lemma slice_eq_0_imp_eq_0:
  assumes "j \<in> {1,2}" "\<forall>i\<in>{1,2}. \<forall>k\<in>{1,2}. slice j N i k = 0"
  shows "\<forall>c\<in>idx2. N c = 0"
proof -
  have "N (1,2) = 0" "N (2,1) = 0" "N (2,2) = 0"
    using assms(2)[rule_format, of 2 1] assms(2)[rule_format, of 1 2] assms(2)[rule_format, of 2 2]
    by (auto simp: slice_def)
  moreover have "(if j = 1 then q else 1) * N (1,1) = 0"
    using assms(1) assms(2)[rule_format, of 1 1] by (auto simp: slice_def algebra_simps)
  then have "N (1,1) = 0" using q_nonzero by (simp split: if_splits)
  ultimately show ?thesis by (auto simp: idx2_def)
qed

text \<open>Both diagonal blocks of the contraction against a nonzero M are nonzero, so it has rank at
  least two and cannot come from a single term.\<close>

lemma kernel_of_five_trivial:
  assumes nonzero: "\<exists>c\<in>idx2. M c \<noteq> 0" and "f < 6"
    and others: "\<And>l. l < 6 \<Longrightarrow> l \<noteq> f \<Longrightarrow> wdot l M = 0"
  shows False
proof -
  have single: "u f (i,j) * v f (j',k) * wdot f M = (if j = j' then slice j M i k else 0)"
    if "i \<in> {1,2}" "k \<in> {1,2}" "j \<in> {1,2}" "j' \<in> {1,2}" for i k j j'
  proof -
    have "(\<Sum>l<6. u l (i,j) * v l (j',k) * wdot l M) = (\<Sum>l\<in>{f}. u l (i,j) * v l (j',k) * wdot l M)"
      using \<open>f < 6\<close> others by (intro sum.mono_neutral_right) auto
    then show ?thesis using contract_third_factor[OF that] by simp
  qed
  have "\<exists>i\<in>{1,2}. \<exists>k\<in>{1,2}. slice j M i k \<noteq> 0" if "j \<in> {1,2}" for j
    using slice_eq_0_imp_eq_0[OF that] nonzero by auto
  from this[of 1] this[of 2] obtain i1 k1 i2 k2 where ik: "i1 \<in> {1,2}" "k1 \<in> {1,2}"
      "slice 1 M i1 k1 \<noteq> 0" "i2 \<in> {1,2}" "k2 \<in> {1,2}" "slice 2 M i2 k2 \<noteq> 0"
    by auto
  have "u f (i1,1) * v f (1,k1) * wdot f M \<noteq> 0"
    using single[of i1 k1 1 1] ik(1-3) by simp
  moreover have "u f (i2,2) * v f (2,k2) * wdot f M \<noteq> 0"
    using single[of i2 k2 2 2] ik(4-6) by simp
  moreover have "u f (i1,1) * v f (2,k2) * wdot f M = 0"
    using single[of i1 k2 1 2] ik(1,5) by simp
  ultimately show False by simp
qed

WORK TO BE COMPLETED:
Each entry is to be output exactly as it was written.

FINAL ANSWER:
lemma slice_eq_0_imp_eq_0:
  assumes "j \<in> {1,2}" "\<forall>i\<in>{1,2}. \<forall>k\<in>{1,2}. slice j N i k = 0"
  shows "\<forall>c\<in>idx2. N c = 0"
proof -
  have "N (1,2) = 0" "N (2,1) = 0" "N (2,2) = 0"
    using assms(2)[rule_format, of 2 1] assms(2)[rule_format, of 1 2] assms(2)[rule_format, of 2 2]
    by (auto simp: slice_def)
  moreover have "(if j = 1 then q else 1) * N (1,1) = 0"
    using assms(1) assms(2)[rule_format, of 1 1] by (auto simp: slice_def algebra_simps)
  then have "N (1,1) = 0" using q_nonzero by (simp split: if_splits)
  ultimately show ?thesis by (auto simp: idx2_def)
qed

text \<open>Both diagonal blocks of the contraction against a nonzero M are nonzero, so it has rank at
  least two and cannot come from a single term.\<close>

lemma kernel_of_five_trivial:
  assumes nonzero: "\<exists>c\<in>idx2. M c \<noteq> 0" and "f < 6"
    and others: "\<And>l. l < 6 \<Longrightarrow> l \<noteq> f \<Longrightarrow> wdot l M = 0"
  shows False
proof -
  have single: "u f (i,j) * v f (j',k) * wdot f M = (if j = j' then slice j M i k else 0)"
    if "i \<in> {1,2}" "k \<in> {1,2}" "j \<in> {1,2}" "j' \<in> {1,2}" for i k j j'
  proof -
    have "(\<Sum>l<6. u l (i,j) * v l (j',k) * wdot l M) = (\<Sum>l\<in>{f}. u l (i,j) * v l (j',k) * wdot l M)"
      using \<open>f < 6\<close> others by (intro sum.mono_neutral_right) auto
    then show ?thesis using contract_third_factor[OF that] by simp
  qed
  have "\<exists>i\<in>{1,2}. \<exists>k\<in>{1,2}. slice j M i k \<noteq> 0" if "j \<in> {1,2}" for j
    using slice_eq_0_imp_eq_0[OF that] nonzero by auto
  from this[of 1] this[of 2] obtain i1 k1 i2 k2 where ik: "i1 \<in> {1,2}" "k1 \<in> {1,2}"
      "slice 1 M i1 k1 \<noteq> 0" "i2 \<in> {1,2}" "k2 \<in> {1,2}" "slice 2 M i2 k2 \<noteq> 0"
    by auto
  have "u f (i1,1) * v f (1,k1) * wdot f M \<noteq> 0"
    using single[of i1 k1 1 1] ik(1-3) by simp
  moreover have "u f (i2,2) * v f (2,k2) * wdot f M \<noteq> 0"
    using single[of i2 k2 2 2] ik(4-6) by simp
  moreover have "u f (i1,1) * v f (2,k2) * wdot f M = 0"
    using single[of i1 k2 1 2] ik(1,5) by simp
  ultimately show False by simp
qed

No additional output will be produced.